"Когда я вошел в банкетный зал, секретарь объявил мне, что выступать я буду вторым, а первым выступит наш всеобщий старейшина Бернард Шоу. Я струхнул. Я уже знал красноречие Шоу, неотразимое, ироническое, всесокрушающее. В своих речах он использовал политику выжженной земли, не оставляя за собой буквально ничего. Какой же невыразительной покажется моя чисто профессорская речь после этого адского пламени! Я сел за стол рядом с Шоу и признался ему в своем беспокойстве.
- Вы совершенно правы,- сказал он мне со своей обычной свирепой непринужденностью. - После меня любой оратор покажется бесцветным.
За кофе он поднялся. Распорядитель в красном фраке и с огромным молотком в руке призвал присутствующих к молчанию, и Шоу, воинственно выставив бороду, начал:
- Бедный старина Уэллс! Вот и вам перевалило за седьмой десяток. А мне скоро перевалит за восьмой... Почему все хохочут? Потому что радуются, что скоро отделаются и от меня и от вас...
Потом он рассказал о том, что сегодня утром встретился со своими австралийскими друзьями, которые спросили, почему это в честь такого юбилея король не пожаловал Уэллса званием лорда.
- Я им ответил: "А на что этому старому бедняге Уэллсу звание лорда? Он ведь даже писать толком не умеет... Впрочем, король не прочел ни строчки Уэллса. Поэтому-то он и хороший король..." Тем не менее мои австралийские друзья наседали на меня: "Нет, нет,- твердили они,- если Уэллса не сделали лордом, значит, что-нибудь говорит не в его пользу". Тут я бросился на его защиту... Я сказал: "Да нет ровно ничего, что говорило бы не в пользу нашего дорогого бедняги Уэллса.
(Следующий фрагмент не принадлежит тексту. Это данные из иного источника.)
definition leS :: "(nat \<Rightarrow> nat) \<Rightarrow> nat \<Rightarrow> nat \<Rightarrow> nat \<Rightarrow> bool" where
  "leS n e a b \<longleftrightarrow> a \<le> b \<and> b - a \<in> sgrp n e"

definition Zf :: "(nat \<Rightarrow> nat) \<Rightarrow> nat \<Rightarrow> nat \<Rightarrow> (nat \<Rightarrow> nat) set" where
  "Zf n e s = {z \<in> vecs e. phi n e z = s}"

definition dot :: "nat \<Rightarrow> (nat \<Rightarrow> nat) \<Rightarrow> (nat \<Rightarrow> nat) \<Rightarrow> nat" where
  "dot e x y = (\<Sum>i<e. x i * y i)"

definition nabla_edges :: "(nat \<Rightarrow> nat) \<Rightarrow> nat \<Rightarrow> nat \<Rightarrow> ((nat \<Rightarrow> nat) \<times> (nat \<Rightarrow> nat)) set" where
  "nabla_edges n e s = {(x, y). x \<in> Zf n e s \<and> y \<in> Zf n e s \<and> x \<noteq> y \<and> dot e x y \<noteq> 0}"

definition is_betti :: "(nat \<Rightarrow> nat) \<Rightarrow> nat \<Rightarrow> nat \<Rightarrow> bool" where
  "is_betti n e s \<longleftrightarrow> s \<in> sgrp n e \<and>
     (\<exists>x\<in>Zf n e s. \<exists>y\<in>Zf n e s. (x, y) \<notin> (nabla_edges n e s)\<^sup>*)"

definition Iso :: "(nat \<Rightarrow> nat) \<Rightarrow> nat \<Rightarrow> nat \<Rightarrow> (nat \<Rightarrow> nat) set" where
  "Iso n e t = {z \<in> Zf n e t. \<forall>x \<in> Zf n e t - {z}. dot e z x = 0}"

definition iso_num :: "(nat \<Rightarrow> nat) \<Rightarrow> nat \<Rightarrow> nat \<Rightarrow> nat" where
  "iso_num n e t = card (Iso n e t)"

definition IsoSet :: "(nat \<Rightarrow> nat) \<Rightarrow> nat \<Rightarrow> nat set \<Rightarrow> (nat \<Rightarrow> nat) set" where
  "IsoSet n e \<Lambda> = (\<Union>t\<in>\<Lambda>. Iso n e t)"

definition Is :: "(nat \<Rightarrow> nat) \<Rightarrow> nat \<Rightarrow> (nat \<Rightarrow> nat) set" where
  "Is n e = {z \<in> vecs e. card (Zf n e (phi n e z)) = 1}"

definition IBetti :: "(nat \<Rightarrow> nat) \<Rightarrow> nat \<Rightarrow> nat set" where
  "IBetti n e = {b. is_betti n e b \<and> Iso n e b \<noteq> {}}"

definition Bset :: "(nat \<Rightarrow> nat) \<Rightarrow> nat \<Rightarrow> nat \<Rightarrow> nat set \<Rightarrow> (nat \<Rightarrow> nat) set" where
  "Bset n e s \<Lambda> = {v \<in> Zf n e s. \<exists>w \<in> Is n e. \<exists>xs. set xs \<subseteq> IsoSet n e \<Lambda> \<and> v = w + sum_list xs}"

definition mink :: "(nat \<Rightarrow> nat) set \<Rightarrow> (nat \<Rightarrow> nat) set \<Rightarrow> (nat \<Rightarrow> nat) set" where
  "mink A B = {a + b | a b. a \<in> A \<and> b \<in> B}"

fun mpow :: "(nat \<Rightarrow> nat) set \<Rightarrow> nat \<Rightarrow> (nat \<Rightarrow> nat) set" where
  "mpow A 0 = {0}"
| "mpow A (Suc j) = mink A (mpow A j)"

definition qS :: "(nat \<Rightarrow> nat) \<Rightarrow> nat \<Rightarrow> nat \<Rightarrow> nat \<Rightarrow> nat" where
  "qS n e b s = (GREATEST q. leS n e (q * b) s)"

end

theory Submission
  imports Defs "HOL-Library.Multiset"
begin

text \<open>A factorization of $s$ in $\mathrm B(s;\Lambda\cup\{b\})$ is $w$ plus a list of isolated
  factorizations of elements of $\Lambda\cup\{b\}$.  Sorting out the $j$ summands taken from
  $\mathrm I(b)$, each of which factors $b$, leaves a factorization of $s-jb$ in
  $\mathrm B(s-jb;\Lambda)$, and $jb\le_S s$ forces $j\le q_s$; conversely any such sum factors $s$.
  The bound follows by counting: a sum of $j$ elements of $\mathrm I(b)$ depends only on the
  multiset of summands, and there are $\binom{\mathrm i(b)+j-1}{j}$ multisets of size $j$.\<close>

lemma phi_add: "phi n e (x + y) = phi n e x + phi n e y"
  by (simp add: phi_def sum.distrib algebra_simps)

lemma phi_zero: "phi n e 0 = 0"
  by (simp add: phi_def)

lemma vecs_add: "x \<in> vecs e \<Longrightarrow> y \<in> vecs e \<Longrightarrow> x + y \<in> vecs e"
  by (simp add: vecs_def)

lemma vecs_sum_list: "set xs \<subseteq> vecs e \<Longrightarrow> sum_list xs \<in> vecs e"
  by (induct xs) (auto simp: vecs_def)

lemma Zf_add: "x \<in> Zf n e s \<Longrightarrow> y \<in> Zf n e t \<Longrightarrow> x + y \<in> Zf n e (s + t)"
  by (simp add: Zf_def phi_add vecs_add)

lemma Iso_subset_Zf: "Iso n e t \<subseteq> Zf n e t"
  by (auto simp: Iso_def)

lemma IsoSet_subset_vecs: "IsoSet n e \<Lambda> \<subseteq> vecs e"
  by (auto simp: IsoSet_def Iso_def Zf_def)

lemma IsoSet_insert: "IsoSet n e (insert b \<Lambda>) = IsoSet n e \<Lambda> \<union> Iso n e b"
  by (auto simp: IsoSet_def)

lemma sum_list_filter_partition:
  "sum_list (filter (\<lambda>x. \<not> P x) xs) + sum_list (filter P xs) = (sum_list xs :: 'a::comm_monoid_add)"
  by (induct xs) (auto simp: add_ac)

lemma mpow_iff: "c \<in> mpow A j \<longleftrightarrow> (\<exists>ys. set ys \<subseteq> A \<and> length ys = j \<and> c = sum_list ys)"
proof (induct j arbitrary: c)
  case (Suc j)
  show ?case
  proof
    assume "c \<in> mpow A (Suc j)"
    then obtain a d where "a \<in> A" "d \<in> mpow A j" "c = a + d" by (auto simp: mink_def)
    with Suc obtain ys where "set ys \<subseteq> A" "length ys = j" "d = sum_list ys" by blast
    with \<open>a \<in> A\<close> \<open>c = a + d\<close> show "\<exists>ys. set ys \<subseteq> A \<and> length ys = Suc j \<and> c = sum_list ys"
      by (intro exI[of _ "a # ys"]) auto
  next
    assume "\<exists>ys. set ys \<subseteq> A \<and> length ys = Suc j \<and> c = sum_list ys"
    then obtain a ys where "a \<in> A" "set ys \<subseteq> A" "length ys = j" "c = a + sum_list ys"
      by (auto simp: length_Suc_conv)
    with Suc show "c \<in> mpow A (Suc j)" by (auto simp: mink_def)
  qed
qed simp

lemma mpow_Iso_subset_Zf: "mpow (Iso n e t) j \<subseteq> Zf n e (j * t)"
proof (induct j)
  case 0
  show ?case by (simp add: Zf_def vecs_def phi_zero)
next
  case (Suc j)
  then show ?case using Iso_subset_Zf by (fastforce simp: mink_def intro: Zf_add)
qed

lemma translate_inj: "inj (\<lambda>a::nat \<Rightarrow> nat. a + c)"
  by (auto simp: inj_def fun_eq_iff)

lemma finite_translate_subsetD:
  assumes "(\<lambda>a. a + c) ` A \<subseteq> C" and "finite C"
  shows "finite (A :: (nat \<Rightarrow> nat) set)"
  using assms translate_inj by (meson finite_imageD finite_subset inj_on_subset subset_UNIV)

lemma card_mink_le: "card (mink A B) \<le> card A * card B"
proof (cases "finite A \<and> finite B")
  case True
  have "mink A B = (\<lambda>(a, b). a + b) ` (A \<times> B)" by (auto simp: mink_def)
  then have "card (mink A B) \<le> card (A \<times> B)"
    using True by (simp only: card_image_le finite_cartesian_product)
  then show ?thesis by (simp add: card_cartesian_product)
next
  case infinite: False
  show ?thesis
  proof (cases "A = {} \<or> B = {}")
    case False
    then obtain a0 b0 where "a0 \<in> A" "b0 \<in> B" by blast
    then have "(\<lambda>a. a + b0) ` A \<subseteq> mink A B" "(\<lambda>b. b + a0) ` B \<subseteq> mink A B"
      by (auto simp: mink_def) (metis add.commute)
    with infinite have "infinite (mink A B)" using finite_translate_subsetD by blast
    then show ?thesis by simp
  qed (auto simp: mink_def)
qed

text \<open>For infinite $I$ the junk value $|I| = 0$ means that for $j>0$ the right-hand side is $0$
  and $\mathrm{mpow}\ I\ j$ has to be shown infinite.\<close>

lemma card_mpow_le: "card (mpow I j) \<le> (card I + j - 1) choose j"
proof (cases "finite I")
  case True
  have "mpow I j \<subseteq> sum_mset ` multisets_of_size I j"
  proof
    fix c assume "c \<in> mpow I j"
    then obtain ys where "set ys \<subseteq> I" "length ys = j" "c = sum_list ys" by (auto simp: mpow_iff)
    then show "c \<in> sum_mset ` multisets_of_size I j"
      by (intro image_eqI[of _ _ "mset ys"]) (auto simp: multisets_of_size_def sum_mset_sum_list)
  qed
  then have "card (mpow I j) \<le> card (sum_mset ` multisets_of_size I j)"
    by (intro card_mono) (auto intro: True)
  also have "\<dots> \<le> card (multisets_of_size I j)" by (rule card_image_le) (auto intro: True)
  finally show ?thesis using card_multisets_of_size[OF True] by simp
next
  case infinite: False
  show ?thesis
  proof (cases j)
    case (Suc k)
    from infinite obtain x where "x \<in> I" by (metis finite.emptyI ex_in_conv)
    then have "sum_list (replicate k x) \<in> mpow I k"
      unfolding mpow_iff by (intro exI[of _ "replicate k x"]) auto
    then have "(\<lambda>a. a + sum_list (replicate k x)) ` I \<subseteq> mpow I j"
      using Suc by (auto simp: mink_def)
    with infinite have "infinite (mpow I j)" using finite_translate_subsetD by blast
    then show ?thesis by simp
  qed simp
qed

lemma gens_pos:
  assumes "num_sgrp_min_gens n e" "i < e"
  shows "0 < n i"
proof -
  have "0 \<in> phi n e ` {z \<in> vecs e. z i = 0}"
    using image_eqI[of 0 "phi n e" 0] by (simp add: vecs_def phi_zero)
  moreover have "n i \<notin> phi n e ` {z \<in> vecs e. z i = 0}"
    using assms by (simp add: num_sgrp_min_gens_def)
  ultimately show ?thesis by (cases "n i") auto
qed

lemma Zf_zero:
  assumes "num_sgrp_min_gens n e"
  shows "Zf n e 0 = {0}"
proof -
  have "z = 0" if z: "z \<in> Zf n e 0" for z
  proof -
    have "z i = 0" for i
    proof (cases "i < e")
      case True
      with z have "z i * n i = 0" by (simp add: Zf_def phi_def)
      then show ?thesis using gens_pos[OF assms True] by simp
    qed (use z in \<open>simp add: Zf_def vecs_def\<close>)
    then show ?thesis by (simp add: fun_eq_iff)
  qed
  then show ?thesis by (auto simp: Zf_def vecs_def phi_zero)
qed

lemma betti_pos:
  assumes "num_sgrp_min_gens n e" "is_betti n e b"
  shows "0 < b"
  using assms Zf_zero[OF assms(1)] by (cases b) (auto simp: is_betti_def)

lemma leS_mult_le:
  assumes "0 < b" "leS n e (j * b) s"
  shows "j \<le> s"
proof -
  have "j \<le> j * b" using assms(1) by simp
  also have "\<dots> \<le> s" using assms(2) by (simp add: leS_def)
  finally show ?thesis .
qed

lemma le_qS:
  assumes "0 < b" "leS n e (j * b) s"
  shows "j \<le> qS n e b s"
  unfolding qS_def using Greatest_le_nat[of "\<lambda>q. leS n e (q * b) s" j s] assms leS_mult_le by blast

lemma qS_mult_le:
  assumes "0 < b" "s \<in> sgrp n e"
  shows "qS n e b s * b \<le> s"
proof -
  have "leS n e (0 * b) s" using assms(2) by (simp add: leS_def)
  then have "leS n e (qS n e b s * b) s"
    unfolding qS_def using GreatestI_nat[of "\<lambda>q. leS n e (q * b) s" 0 s] assms(1) leS_mult_le
    by blast
  then show ?thesis by (simp add: leS_def)
qed

lemma Bset_union_split:
  assumes "v \<in> Bset n e s (\<Lambda> \<union> {b})"
  obtains j where "leS n e (j * b) s"
    and "v \<in> mink (Bset n e (s - j * b) \<Lambda>) (mpow (Iso n e b) j)"
proof -
  obtain w xs where v: "v \<in> Zf n e s" "w \<in> Is n e" "set xs \<subseteq> IsoSet n e \<Lambda> \<union> Iso n e b"
    "v = w + sum_list xs"
    using assms by (auto simp: Bset_def IsoSet_insert)
  define P where "P x \<longleftrightarrow> x \<in> Iso n e b" for x
  define xs\<^sub>\<Lambda> where "xs\<^sub>\<Lambda> = filter (\<lambda>x. \<not> P x) xs"
  define xs\<^sub>b where "xs\<^sub>b = filter P xs"
  define a where "a = w + sum_list xs\<^sub>\<Lambda>"
  have v_split: "v = a + sum_list xs\<^sub>b"
    using v(4) sum_list_filter_partition[of P xs] by (simp add: a_def xs\<^sub>\<Lambda>_def xs\<^sub>b_def add.assoc)
  have xs\<^sub>\<Lambda>: "set xs\<^sub>\<Lambda> \<subseteq> IsoSet n e \<Lambda>" using v(3) by (auto simp: xs\<^sub>\<Lambda>_def P_def)
  have c: "sum_list xs\<^sub>b \<in> mpow (Iso n e b) (length xs\<^sub>b)"
    unfolding mpow_iff by (intro exI[of _ xs\<^sub>b]) (auto simp: xs\<^sub>b_def P_def)
  then have phi_c: "phi n e (sum_list xs\<^sub>b) = length xs\<^sub>b * b"
    using mpow_Iso_subset_Zf by (fastforce simp: Zf_def)
  have a_vecs: "a \<in> vecs e" unfolding a_def
    using v(2) xs\<^sub>\<Lambda> IsoSet_subset_vecs[of n e \<Lambda>] by (intro vecs_add vecs_sum_list) (auto simp: Is_def)
  have phi_a: "phi n e a + length xs\<^sub>b * b = s"
    using v(1) v_split phi_c by (simp add: Zf_def phi_add)
  have "a \<in> Zf n e (s - length xs\<^sub>b * b)" using a_vecs phi_a by (simp add: Zf_def)
  then have "a \<in> Bset n e (s - length xs\<^sub>b * b) \<Lambda>"
    unfolding Bset_def using v(2) xs\<^sub>\<Lambda> a_def by blast
  with c v_split have "v \<in> mink (Bset n e (s - length xs\<^sub>b * b) \<Lambda>) (mpow (Iso n e b) (length xs\<^sub>b))"
    unfolding mink_def by blast
  moreover have "s - length xs\<^sub>b * b \<in> sgrp n e"
    unfolding sgrp_def using phi_a a_vecs by (intro image_eqI[of _ _ a]) simp_all
  then have "leS n e (length xs\<^sub>b * b) s" using phi_a by (simp add: leS_def)
  ultimately show ?thesis using that by blast
qed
Он прекрасный сын... прекрасный отец... прекрасный брат, прекрасный дядя... прекрасный кузен... прекрасный друг..."
И это чудовище Шоу продолжал перечислять все человеческие связи, которым Уэллс был верен, но так и не сказал "прекрасный муж". А ведь все присутствующие знали, что Уэллс был весьма легкомысленным супругом, так что, чем больше родственных связей перечислял Шоу, тем громче становился смех...
Несколько месяцев спустя, встретившись с Уэллсом в Америке, я напомнил ему о том знаменательном вечере:
- В последний раз мы встретились с вами на праздновании вашего семидесятилетия.
- Ах, да, - ответил Уэллс и даже вздрогнул, так сказать, задним числом, - в тот вечер Шоу произнес воистину непристойную речь. Как это я его тогда не убил!"